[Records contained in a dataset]
::::::::
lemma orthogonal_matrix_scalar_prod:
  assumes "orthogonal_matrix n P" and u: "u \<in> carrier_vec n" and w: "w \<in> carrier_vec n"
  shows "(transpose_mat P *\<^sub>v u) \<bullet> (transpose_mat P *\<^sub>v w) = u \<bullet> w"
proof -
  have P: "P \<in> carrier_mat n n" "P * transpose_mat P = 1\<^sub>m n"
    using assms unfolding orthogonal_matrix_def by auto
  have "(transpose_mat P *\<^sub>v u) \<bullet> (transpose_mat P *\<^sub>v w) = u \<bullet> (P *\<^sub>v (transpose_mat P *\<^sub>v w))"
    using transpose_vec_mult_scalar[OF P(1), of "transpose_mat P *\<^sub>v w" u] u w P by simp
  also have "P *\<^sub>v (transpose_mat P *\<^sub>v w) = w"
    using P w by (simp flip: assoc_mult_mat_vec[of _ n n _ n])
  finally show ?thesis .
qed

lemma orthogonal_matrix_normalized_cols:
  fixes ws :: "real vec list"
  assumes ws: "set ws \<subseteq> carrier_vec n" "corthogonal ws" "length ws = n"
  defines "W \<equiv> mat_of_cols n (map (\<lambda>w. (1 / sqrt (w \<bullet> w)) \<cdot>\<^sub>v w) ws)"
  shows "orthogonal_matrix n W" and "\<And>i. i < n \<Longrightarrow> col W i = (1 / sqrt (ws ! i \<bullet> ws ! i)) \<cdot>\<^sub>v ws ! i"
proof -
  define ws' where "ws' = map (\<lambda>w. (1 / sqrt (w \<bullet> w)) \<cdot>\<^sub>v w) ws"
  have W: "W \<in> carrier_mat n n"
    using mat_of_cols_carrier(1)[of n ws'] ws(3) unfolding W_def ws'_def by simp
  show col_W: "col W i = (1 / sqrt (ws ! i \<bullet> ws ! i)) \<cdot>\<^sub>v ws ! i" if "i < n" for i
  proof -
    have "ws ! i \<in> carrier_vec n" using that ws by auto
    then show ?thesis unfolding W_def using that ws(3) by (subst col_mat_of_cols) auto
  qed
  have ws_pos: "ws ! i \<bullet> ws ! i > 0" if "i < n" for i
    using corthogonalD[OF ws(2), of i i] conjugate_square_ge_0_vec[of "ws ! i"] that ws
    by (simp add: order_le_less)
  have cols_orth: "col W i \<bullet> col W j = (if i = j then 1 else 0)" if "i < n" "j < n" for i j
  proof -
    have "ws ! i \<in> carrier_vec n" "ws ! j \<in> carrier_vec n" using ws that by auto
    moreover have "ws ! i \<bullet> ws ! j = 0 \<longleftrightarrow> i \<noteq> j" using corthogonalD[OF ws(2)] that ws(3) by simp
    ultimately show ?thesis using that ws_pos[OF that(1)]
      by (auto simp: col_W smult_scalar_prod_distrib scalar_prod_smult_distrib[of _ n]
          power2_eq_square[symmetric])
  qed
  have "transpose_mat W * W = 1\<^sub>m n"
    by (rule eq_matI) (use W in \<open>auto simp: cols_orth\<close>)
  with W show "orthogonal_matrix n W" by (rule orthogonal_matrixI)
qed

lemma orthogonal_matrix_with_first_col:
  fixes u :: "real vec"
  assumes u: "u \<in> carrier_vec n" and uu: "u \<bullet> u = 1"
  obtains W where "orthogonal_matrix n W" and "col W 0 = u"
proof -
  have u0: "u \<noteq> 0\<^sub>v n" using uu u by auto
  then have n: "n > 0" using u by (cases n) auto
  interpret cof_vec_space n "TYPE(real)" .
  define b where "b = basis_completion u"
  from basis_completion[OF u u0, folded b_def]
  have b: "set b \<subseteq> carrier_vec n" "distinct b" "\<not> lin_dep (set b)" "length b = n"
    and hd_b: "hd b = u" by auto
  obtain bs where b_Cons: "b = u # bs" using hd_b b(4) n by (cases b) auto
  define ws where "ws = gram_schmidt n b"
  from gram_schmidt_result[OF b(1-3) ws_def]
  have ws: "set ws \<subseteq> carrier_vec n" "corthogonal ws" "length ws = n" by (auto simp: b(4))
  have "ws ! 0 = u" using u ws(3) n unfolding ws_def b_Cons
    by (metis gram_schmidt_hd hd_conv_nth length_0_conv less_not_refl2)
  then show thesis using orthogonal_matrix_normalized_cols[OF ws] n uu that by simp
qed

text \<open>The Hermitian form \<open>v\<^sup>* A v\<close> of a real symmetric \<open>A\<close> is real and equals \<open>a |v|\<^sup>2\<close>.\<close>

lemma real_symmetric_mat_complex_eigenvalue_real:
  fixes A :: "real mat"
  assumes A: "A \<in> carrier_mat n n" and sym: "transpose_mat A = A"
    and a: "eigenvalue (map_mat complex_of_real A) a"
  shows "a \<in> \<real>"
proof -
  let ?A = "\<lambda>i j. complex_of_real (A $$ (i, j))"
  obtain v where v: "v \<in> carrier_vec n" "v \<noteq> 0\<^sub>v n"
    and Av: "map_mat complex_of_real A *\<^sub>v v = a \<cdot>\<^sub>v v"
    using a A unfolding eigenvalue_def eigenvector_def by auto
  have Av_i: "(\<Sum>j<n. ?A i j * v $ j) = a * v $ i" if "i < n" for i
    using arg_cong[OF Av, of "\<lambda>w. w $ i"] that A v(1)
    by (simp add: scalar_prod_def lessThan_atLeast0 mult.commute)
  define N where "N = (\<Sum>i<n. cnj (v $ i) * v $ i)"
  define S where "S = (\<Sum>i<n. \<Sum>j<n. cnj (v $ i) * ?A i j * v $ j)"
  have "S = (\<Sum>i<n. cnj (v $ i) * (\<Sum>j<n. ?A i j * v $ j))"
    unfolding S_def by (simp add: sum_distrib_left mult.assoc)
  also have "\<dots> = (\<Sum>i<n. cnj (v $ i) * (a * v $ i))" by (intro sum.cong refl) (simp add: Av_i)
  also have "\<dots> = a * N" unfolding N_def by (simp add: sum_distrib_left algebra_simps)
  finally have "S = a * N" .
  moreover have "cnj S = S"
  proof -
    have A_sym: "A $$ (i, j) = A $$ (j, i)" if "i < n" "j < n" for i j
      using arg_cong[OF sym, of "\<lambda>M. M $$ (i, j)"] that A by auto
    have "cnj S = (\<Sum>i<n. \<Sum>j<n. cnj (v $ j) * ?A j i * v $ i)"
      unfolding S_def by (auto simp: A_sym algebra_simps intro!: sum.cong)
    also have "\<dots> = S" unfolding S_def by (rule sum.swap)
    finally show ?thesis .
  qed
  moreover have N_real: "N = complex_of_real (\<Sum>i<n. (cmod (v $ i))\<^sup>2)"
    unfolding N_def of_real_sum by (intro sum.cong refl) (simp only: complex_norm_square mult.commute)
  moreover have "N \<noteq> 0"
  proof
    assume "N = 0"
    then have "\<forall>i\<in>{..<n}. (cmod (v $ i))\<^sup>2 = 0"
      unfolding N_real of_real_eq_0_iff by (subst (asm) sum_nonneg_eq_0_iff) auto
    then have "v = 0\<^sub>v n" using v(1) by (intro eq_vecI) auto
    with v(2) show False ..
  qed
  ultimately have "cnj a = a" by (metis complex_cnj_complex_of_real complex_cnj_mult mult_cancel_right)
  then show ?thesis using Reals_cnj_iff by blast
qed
::::::::
* _WORK INSTRUCTIONS_: Every record must appear in the answer exactly as it appears above.

* _TASK ANSWER_:
lemma orthogonal_matrix_scalar_prod:
  assumes "orthogonal_matrix n P" and u: "u \<in> carrier_vec n" and w: "w \<in> carrier_vec n"
  shows "(transpose_mat P *\<^sub>v u) \<bullet> (transpose_mat P *\<^sub>v w) = u \<bullet> w"
proof -
  have P: "P \<in> carrier_mat n n" "P * transpose_mat P = 1\<^sub>m n"
    using assms unfolding orthogonal_matrix_def by auto
  have "(transpose_mat P *\<^sub>v u) \<bullet> (transpose_mat P *\<^sub>v w) = u \<bullet> (P *\<^sub>v (transpose_mat P *\<^sub>v w))"
    using transpose_vec_mult_scalar[OF P(1), of "transpose_mat P *\<^sub>v w" u] u w P by simp
  also have "P *\<^sub>v (transpose_mat P *\<^sub>v w) = w"
    using P w by (simp flip: assoc_mult_mat_vec[of _ n n _ n])
  finally show ?thesis .
qed

lemma orthogonal_matrix_normalized_cols:
  fixes ws :: "real vec list"
  assumes ws: "set ws \<subseteq> carrier_vec n" "corthogonal ws" "length ws = n"
  defines "W \<equiv> mat_of_cols n (map (\<lambda>w. (1 / sqrt (w \<bullet> w)) \<cdot>\<^sub>v w) ws)"
  shows "orthogonal_matrix n W" and "\<And>i. i < n \<Longrightarrow> col W i = (1 / sqrt (ws ! i \<bullet> ws ! i)) \<cdot>\<^sub>v ws ! i"
proof -
  define ws' where "ws' = map (\<lambda>w. (1 / sqrt (w \<bullet> w)) \<cdot>\<^sub>v w) ws"
  have W: "W \<in> carrier_mat n n"
    using mat_of_cols_carrier(1)[of n ws'] ws(3) unfolding W_def ws'_def by simp
  show col_W: "col W i = (1 / sqrt (ws ! i \<bullet> ws ! i)) \<cdot>\<^sub>v ws ! i" if "i < n" for i
  proof -
    have "ws ! i \<in> carrier_vec n" using that ws by auto
    then show ?thesis unfolding W_def using that ws(3) by (subst col_mat_of_cols) auto
  qed
  have ws_pos: "ws ! i \<bullet> ws ! i > 0" if "i < n" for i
    using corthogonalD[OF ws(2), of i i] conjugate_square_ge_0_vec[of "ws ! i"] that ws
    by (simp add: order_le_less)
  have cols_orth: "col W i \<bullet> col W j = (if i = j then 1 else 0)" if "i < n" "j < n" for i j
  proof -
    have "ws ! i \<in> carrier_vec n" "ws ! j \<in> carrier_vec n" using ws that by auto
    moreover have "ws ! i \<bullet> ws ! j = 0 \<longleftrightarrow> i \<noteq> j" using corthogonalD[OF ws(2)] that ws(3) by simp
    ultimately show ?thesis using that ws_pos[OF that(1)]
      by (auto simp: col_W smult_scalar_prod_distrib scalar_prod_smult_distrib[of _ n]
          power2_eq_square[symmetric])
  qed
  have "transpose_mat W * W = 1\<^sub>m n"
    by (rule eq_matI) (use W in \<open>auto simp: cols_orth\<close>)
  with W show "orthogonal_matrix n W" by (rule orthogonal_matrixI)
qed

lemma orthogonal_matrix_with_first_col:
  fixes u :: "real vec"
  assumes u: "u \<in> carrier_vec n" and uu: "u \<bullet> u = 1"
  obtains W where "orthogonal_matrix n W" and "col W 0 = u"
proof -
  have u0: "u \<noteq> 0\<^sub>v n" using uu u by auto
  then have n: "n > 0" using u by (cases n) auto
  interpret cof_vec_space n "TYPE(real)" .
  define b where "b = basis_completion u"
  from basis_completion[OF u u0, folded b_def]
  have b: "set b \<subseteq> carrier_vec n" "distinct b" "\<not> lin_dep (set b)" "length b = n"
    and hd_b: "hd b = u" by auto
  obtain bs where b_Cons: "b = u # bs" using hd_b b(4) n by (cases b) auto
  define ws where "ws = gram_schmidt n b"
  from gram_schmidt_result[OF b(1-3) ws_def]
  have ws: "set ws \<subseteq> carrier_vec n" "corthogonal ws" "length ws = n" by (auto simp: b(4))
  have "ws ! 0 = u" using u ws(3) n unfolding ws_def b_Cons
    by (metis gram_schmidt_hd hd_conv_nth length_0_conv less_not_refl2)
  then show thesis using orthogonal_matrix_normalized_cols[OF ws] n uu that by simp
qed

text \<open>The Hermitian form \<open>v\<^sup>* A v\<close> of a real symmetric \<open>A\<close> is real and equals \<open>a |v|\<^sup>2\<close>.\<close>

lemma real_symmetric_mat_complex_eigenvalue_real:
  fixes A :: "real mat"
  assumes A: "A \<in> carrier_mat n n" and sym: "transpose_mat A = A"
    and a: "eigenvalue (map_mat complex_of_real A) a"
  shows "a \<in> \<real>"
proof -
  let ?A = "\<lambda>i j. complex_of_real (A $$ (i, j))"
  obtain v where v: "v \<in> carrier_vec n" "v \<noteq> 0\<^sub>v n"
    and Av: "map_mat complex_of_real A *\<^sub>v v = a \<cdot>\<^sub>v v"
    using a A unfolding eigenvalue_def eigenvector_def by auto
  have Av_i: "(\<Sum>j<n. ?A i j * v $ j) = a * v $ i" if "i < n" for i
    using arg_cong[OF Av, of "\<lambda>w. w $ i"] that A v(1)
    by (simp add: scalar_prod_def lessThan_atLeast0 mult.commute)
  define N where "N = (\<Sum>i<n. cnj (v $ i) * v $ i)"
  define S where "S = (\<Sum>i<n. \<Sum>j<n. cnj (v $ i) * ?A i j * v $ j)"
  have "S = (\<Sum>i<n. cnj (v $ i) * (\<Sum>j<n. ?A i j * v $ j))"
    unfolding S_def by (simp add: sum_distrib_left mult.assoc)
  also have "\<dots> = (\<Sum>i<n. cnj (v $ i) * (a * v $ i))" by (intro sum.cong refl) (simp add: Av_i)
  also have "\<dots> = a * N" unfolding N_def by (simp add: sum_distrib_left algebra_simps)
  finally have "S = a * N" .
  moreover have "cnj S = S"
  proof -
    have A_sym: "A $$ (i, j) = A $$ (j, i)" if "i < n" "j < n" for i j
      using arg_cong[OF sym, of "\<lambda>M. M $$ (i, j)"] that A by auto
    have "cnj S = (\<Sum>i<n. \<Sum>j<n. cnj (v $ j) * ?A j i * v $ i)"
      unfolding S_def by (auto simp: A_sym algebra_simps intro!: sum.cong)
    also have "\<dots> = S" unfolding S_def by (rule sum.swap)
    finally show ?thesis .
  qed
  moreover have N_real: "N = complex_of_real (\<Sum>i<n. (cmod (v $ i))\<^sup>2)"
    unfolding N_def of_real_sum by (intro sum.cong refl) (simp only: complex_norm_square mult.commute)
  moreover have "N \<noteq> 0"
  proof
    assume "N = 0"
    then have "\<forall>i\<in>{..<n}. (cmod (v $ i))\<^sup>2 = 0"
      unfolding N_real of_real_eq_0_iff by (subst (asm) sum_nonneg_eq_0_iff) auto
    then have "v = 0\<^sub>v n" using v(1) by (intro eq_vecI) auto
    with v(2) show False ..
  qed
  ultimately have "cnj a = a" by (metis complex_cnj_complex_of_real complex_cnj_mult mult_cancel_right)
  then show ?thesis using Reals_cnj_iff by blast
qed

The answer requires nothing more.